# ABOUT THIS EXERCISE:
Only one span of the listing below is wanted: the lines from the one with "define A where" through the one with "Li_coeff k s n = A", reproduced exactly, both ends kept.
......
lemma abs_Li_coeff_Suc_minus_le:
  assumes k: "0 \<notin> set k" and s: "1 \<le> s" and n: "1 \<le> n"
  shows "\<bar>Li_coeff k s (Suc n) - Li_coeff k s n\<bar>
         \<le> 2 ^ length k * (1 + real s) * (1 / (real n * sqrt (real n)))"
proof -
  define x where "x = real n"
  have x: "1 \<le> x" using n by (simp add: x_def)
  have sx: "real (Suc n) = x + 1" by (simp add: x_def)
  define A where "A = (Hsum_re k (Suc n) - Hsum_re k n) / (x + 1) ^ s"
  define B where "B = Hsum_re k n * (1 / x ^ s - 1 / (x + 1) ^ s)"
  have "Li_coeff k s (Suc n) - Li_coeff k s n = A - B"
    unfolding Li_coeff_def A_def B_def sx by (simp add: x_def diff_divide_distrib right_diff_distrib)
  moreover have "0 \<le> A" using Hsum_re_mono[of n "Suc n" k] x by (simp add: A_def)
  moreover have "0 \<le> B"
    using x by (auto simp: B_def Hsum_re_nonneg divide_le_eq intro!: mult_nonneg_nonneg power_mono)
  moreover have "A \<le> 2 ^ length k * (1 / (x * sqrt x))"
  proof -
    have "x \<le> (x + 1) ^ s" using x s by (smt (verit) power_increasing power_one_right)
    then have "A \<le> (Hsum_re k (Suc n) - Hsum_re k n) / x"
      unfolding A_def using x Hsum_re_mono[of n "Suc n" k] by (intro divide_left_mono) auto
    also have "\<dots> \<le> (2 ^ length k / sqrt x) / x"
      using Hsum_re_Suc_minus_le[OF k, of n] x by (intro divide_right_mono) (auto simp: x_def)
    finally show ?thesis by (simp add: mult.commute)
  qed
  moreover have "B \<le> 2 ^ length k * (real s * (1 / (x * sqrt x)))"
  proof -
    have "B \<le> (2 ^ length k * sqrt x) * (real s / x\<^sup>2)"
      unfolding B_def using Hsum_re_le_sqrt[OF k n] x
      by (intro mult_mono inverse_power_diff_le) (auto simp: x_def divide_le_eq intro!: power_mono)
    also have "\<dots> = 2 ^ length k * (real s * (sqrt x / x\<^sup>2))" by simp
    also have "sqrt x / x\<^sup>2 = 1 / (x * sqrt x)"
    proof -
      have "x\<^sup>2 = (x * sqrt x) * sqrt x" using x by (simp add: power2_eq_square mult.assoc)
      then show ?thesis using x by simp
    qed
    finally show ?thesis .
  qed
  ultimately have "\<bar>Li_coeff k s (Suc n) - Li_coeff k s n\<bar>
                   \<le> 2 ^ length k * (1 / (x * sqrt x)) + 2 ^ length k * (real s * (1 / (x * sqrt x)))"
    by linarith
  also have "\<dots> = 2 ^ length k * (1 + real s) * (1 / (real n * sqrt (real n)))"
    by (simp add: x_def algebra_simps)
  finally show ?thesis .
qed

lemma Li_coeff_bounded_variation:
  assumes "0 \<notin> set k" "1 \<le> s"
  shows "summable (\<lambda>n. \<bar>Li_coeff k s (Suc n) - Li_coeff k s n\<bar>)"
  by (rule summable_comparison_test'[where N = 1,
        OF summable_mult[OF summable_inverse_mult_sqrt, of "2 ^ length k * (1 + real s)"]])
     (use abs_Li_coeff_Suc_minus_le[OF assms] in simp)

section \<open>Polylogarithms on the closed unit disc\<close>

lemma suminf_Suc_shift:
  fixes f :: "nat \<Rightarrow> 'a::real_normed_vector"
  assumes "f 0 = 0"
  shows "(\<Sum>n. f (Suc n)) = (\<Sum>n. f n)"
proof -
  have "(\<lambda>n. f (Suc n)) sums s \<longleftrightarrow> f sums s" for s
    using assms by (simp add: sums_Suc_iff)
  then show ?thesis by (simp add: suminf_def)
qed

lemma Li_snoc_eq_suminf:
  assumes "s \<noteq> 0"
  shows "Li (k @ [s]) z = (\<Sum>n. of_real (Li_coeff k s n) * z ^ n)"
proof -
  have "Li (k @ [s]) z = (\<Sum>n. of_real (Li_coeff k s (Suc n)) * z ^ Suc n)"
    by (simp add: Li_def Li_coeff_def Hsum_eq_of_real mult_ac)
  also have "\<dots> = (\<Sum>n. of_real (Li_coeff k s n) * z ^ n)"
    by (rule suminf_Suc_shift) (simp add: Li_coeff_0 assms)
  finally show ?thesis .
qed

lemma Li_snoc_0: "s \<noteq> 0 \<Longrightarrow> Li (k @ [s]) 0 = 0"
  by (simp add: Li_snoc_eq_suminf Li_coeff_0)

lemma of_nat_mult_of_real_Li_coeff_Suc:
  assumes "s \<noteq> 0"
  shows "of_nat n * (of_real (Li_coeff k (Suc s) n) :: complex) = of_real (Li_coeff k s n)"
proof -
  have "of_real (real n * Li_coeff k (Suc s) n) = (of_real (Li_coeff k s n) :: complex)"
    by (simp only: of_nat_mult_Li_coeff_Suc[OF assms])
  then show ?thesis by simp
qed

lemma summable_Li_coeff_disk:
  fixes z :: complex
  assumes "0 \<notin> set k" "1 \<le> s" "norm z < 1"
  shows "summable (\<lambda>n. norm (of_real (Li_coeff k s n) * z ^ n))"
proof (rule summable_comparison_test')
  show "summable (\<lambda>n. 2 ^ length k * norm z ^ n)"
    using assms(3) by (intro summable_mult summable_geometric) simp
  show "norm (norm (of_real (Li_coeff k s n) * z ^ n)) \<le> 2 ^ length k * norm z ^ n" for n
    using Li_coeff_bounded[OF assms(1,2), of n] Li_coeff_nonneg[of k s n]
    by (simp add: norm_mult norm_power mult_right_mono)
qed

lemma Li_has_field_derivative_disk:
  assumes "0 \<notin> set k" "1 \<le> s" "norm z < 1"
  shows "(Li (k @ [s]) has_field_derivative
            (\<Sum>n. diffs (\<lambda>n. of_real (Li_coeff k s n)) n * z ^ n)) (at z)"
proof -
  have "((\<lambda>z. \<Sum>n. of_real (Li_coeff k s n) * z ^ n) has_field_derivative
          (\<Sum>n. diffs (\<lambda>n. of_real (Li_coeff k s n)) n * z ^ n)) (at z)"
    using assms
    by (intro termdiffs_strong'[of 1]) (auto intro: summable_norm_cancel[OF summable_Li_coeff_disk])
  moreover have "Li (k @ [s]) = (\<lambda>z. \<Sum>n. of_real (Li_coeff k s n) * z ^ n)"
    using assms(2) by (simp add: fun_eq_iff Li_snoc_eq_suminf)
  ultimately show ?thesis by simp
qed

lemma Li_snoc_Suc_has_field_derivative_disk:
  assumes "0 \<notin> set k" "1 \<le> s" "norm z < 1" "z \<noteq> 0"
  shows "(Li (k @ [Suc s]) has_field_derivative Li (k @ [s]) z / z) (at z)"
proof -
  have "diffs (\<lambda>n. of_real (Li_coeff k (Suc s) n)) n = (of_real (Li_coeff k s (Suc n)) :: complex)"
    for n
    using of_nat_mult_of_real_Li_coeff_Suc[of s "Suc n" k] assms(2) by (simp add: diffs_def)
  moreover have "(\<Sum>n. of_real (Li_coeff k s (Suc n)) * z ^ n) = Li (k @ [s]) z / z"
  proof -
    have "summable (\<lambda>n. of_real (Li_coeff k s (Suc n)) * z ^ Suc n)"
      using summable_norm_cancel[OF summable_Li_coeff_disk[OF assms(1,2,3)]]
      by (subst summable_Suc_iff)
    then have "(\<Sum>n. inverse z * (of_real (Li_coeff k s (Suc n)) * z ^ Suc n))
               = inverse z * (\<Sum>n. of_real (Li_coeff k s (Suc n)) * z ^ Suc n)"
      by (rule suminf_mult)
    also have "(\<Sum>n. of_real (Li_coeff k s (Suc n)) * z ^ Suc n) = Li (k @ [s]) z"
      using assms(2)
      by (subst suminf_Suc_shift[where f = "\<lambda>n. of_real (Li_coeff k s n) * z ^ n"])
         (simp_all add: Li_coeff_0 Li_snoc_eq_suminf)
    finally show ?thesis using assms(4) by (simp add: field_simps)
  qed
  ultimately show ?thesis
    using Li_has_field_derivative_disk[of k "Suc s" z] assms by simp
qed

lemma Hsum_re_snoc_Suc:
  assumes "1 \<le> s"
  shows "Hsum_re (k @ [s]) (Suc n) = (\<Sum>i\<le>n. Li_coeff k s i)"
proof -
  have "{..n} = insert 0 {1..n}" by auto
  then have "(\<Sum>i\<le>n. Li_coeff k s i) = (\<Sum>i=1..n. Li_coeff k s i)"
    using assms by (simp add: Li_coeff_0)
  then show ?thesis
    by (simp add: Hsum_re_snoc Li_coeff_def atLeastLessThanSuc_atLeastAtMost)
qed

lemma suminf_Hsum_re_Suc_power:
  assumes k: "0 \<notin> set k" and z: "norm z < 1"
  shows "(\<Sum>n. of_real (Hsum_re k (Suc n)) * z ^ n) = Li k z / (1 - z)"
proof -
  have geom: "(\<Sum>n. z ^ n) = 1 / (1 - z)" using suminf_geometric[OF z] by simp
  show ?thesis
  proof (cases k rule: rev_exhaust)
    case Nil
    then show ?thesis using geom by (simp add: Li_def)
  next
    case (snoc k' x)
    with k have k': "0 \<notin> set k'" "1 \<le> x" by auto
    have "Li k z * (\<Sum>n. z ^ n)
          = (\<Sum>n. of_real (Li_coeff k' x n) * z ^ n) * (\<Sum>n. z ^ n)"
      using k' by (simp add: snoc Li_snoc_eq_suminf)
    also have "\<dots> = (\<Sum>n. \<Sum>i\<le>n. of_real (Li_coeff k' x i) * z ^ i * z ^ (n - i))"
      using z by (intro Cauchy_product summable_Li_coeff_disk k')
                 (auto simp: norm_power summable_geometric)
    also have "\<dots> = (\<Sum>n. of_real (Hsum_re k (Suc n)) * z ^ n)"
    proof (rule suminf_cong)
      fix n
      have "(\<Sum>i\<le>n. of_real (Li_coeff k' x i) * z ^ i * z ^ (n - i))
            = (\<Sum>i\<le>n. of_real (Li_coeff k' x i) * z ^ n)"
        by (intro sum.cong refl) (simp add: mult.assoc flip: power_add)
      also have "\<dots> = of_real (Hsum_re k (Suc n)) * z ^ n"
        using Hsum_re_snoc_Suc[OF k'(2)] by (simp add: snoc sum_distrib_right)
      finally show "(\<Sum>i\<le>n. of_real (Li_coeff k' x i) * z ^ i * z ^ (n - i))
                 = of_real (Hsum_re k (Suc n)) * z ^ n" .
    qed
    finally have "Li k z * (\<Sum>n. z ^ n) = (\<Sum>n. of_real (Hsum_re k (Suc n)) * z ^ n)" .
    then show ?thesis using geom by simp
  qed
qed

lemma Li_snoc_1_has_field_derivative_disk:
  assumes k: "0 \<notin> set k" and z: "norm z < 1"
  shows "(Li (k @ [1]) has_field_derivative Li k z / (1 - z)) (at z)"
proof -
  have diffs: "diffs (\<lambda>n. of_real (Li_coeff k 1 n)) n = (of_real (Hsum_re k (Suc n)) :: complex)"
    for n
  proof -
    have "of_real (real (Suc n) * Li_coeff k 1 (Suc n)) = (of_real (Hsum_re k (Suc n)) :: complex)"
      by (simp add: Li_coeff_def)
    then show ?thesis by (simp add: diffs_def del: of_nat_Suc)
  qed
  show ?thesis
    using Li_has_field_derivative_disk[OF k order.refl z] suminf_Hsum_re_Suc_power[OF k z]
    unfolding diffs by simp
qed

lemma Li_powser_uniformly_convergent:
  fixes g :: "'x \<Rightarrow> complex"
  assumes "0 \<notin> set k" "1 \<le> s" "\<delta> > 0"
    and g: "\<And>x. x \<in> A \<Longrightarrow> norm (g x) \<le> 1 \<and> \<delta> \<le> norm (1 - g x)"
  shows "uniformly_convergent_on A (\<lambda>N x. \<Sum>n<N. of_real (Li_coeff k s n) * g x ^ n)"
proof (rule Dirichlet_uniformly_convergent)
  show "summable (\<lambda>n. norm (of_real (Li_coeff k s (Suc n)) - of_real (Li_coeff k s n) :: complex))"
    using Li_coeff_bounded_variation[OF assms(1,2)] by (simp flip: of_real_diff)
  show "(\<lambda>n. of_real (Li_coeff k s n) :: complex) \<longlonglongrightarrow> 0"
    using tendsto_of_real[OF Li_coeff_tendsto_0[OF assms(1,2)]] by simp
  show "norm (\<Sum>n=m..<n. g x ^ n) \<le> 2 / \<delta>" if "x \<in> A" for x m n
  proof -
    have "g x \<noteq> 1" using g[OF that] \<open>\<delta> > 0\<close> by auto
    then have "norm (\<Sum>n=m..<n. g x ^ n) \<le> 2 / norm (1 - g x)"
      using g[OF that] by (intro norm_sum_power_le) auto
    also have "\<dots> \<le> 2 / \<delta>"
      using g[OF that] \<open>\<delta> > 0\<close> by (intro divide_left_mono mult_pos_pos) auto
    finally show ?thesis .
  qed
qed

lemma summable_Li_coeff_boundary:
  fixes z :: complex
  assumes "0 \<notin> set k" "1 \<le> s" "norm z \<le> 1" "z \<noteq> 1"
  shows "summable (\<lambda>n. of_real (Li_coeff k s n) * z ^ n)"
proof -
  have "uniformly_convergent_on {z} (\<lambda>N z. \<Sum>n<N. of_real (Li_coeff k s n) * id z ^ n)"
    using assms by (intro Li_powser_uniformly_convergent[where \<delta> = "norm (1 - z)"]) auto
  then show ?thesis
    by (auto simp: summable_iff_convergent dest: uniformly_convergent_imp_convergent)
qed

lemma exp_i_neq_1:
  assumes "0 < t" "t < 2 * pi"
  shows "exp (\<i> * of_real t) \<noteq> 1"
proof
  assume "exp (\<i> * of_real t) = 1"
  then obtain n :: int where n: "t = of_int (2 * n) * pi" unfolding exp_eq_1 by auto
  then have "0 < of_int (2 * n) * pi" "of_int (2 * n) * pi < 2 * pi" using assms by auto
  then have "0 < n" "n < 1" by (simp_all add: zero_less_mult_iff)
  then show False by simp
qed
......
# EXERCISE RESULT:
  define A where "A = (Hsum_re k (Suc n) - Hsum_re k n) / (x + 1) ^ s"
  define B where "B = Hsum_re k n * (1 / x ^ s - 1 / (x + 1) ^ s)"
  have "Li_coeff k s (Suc n) - Li_coeff k s n = A - B"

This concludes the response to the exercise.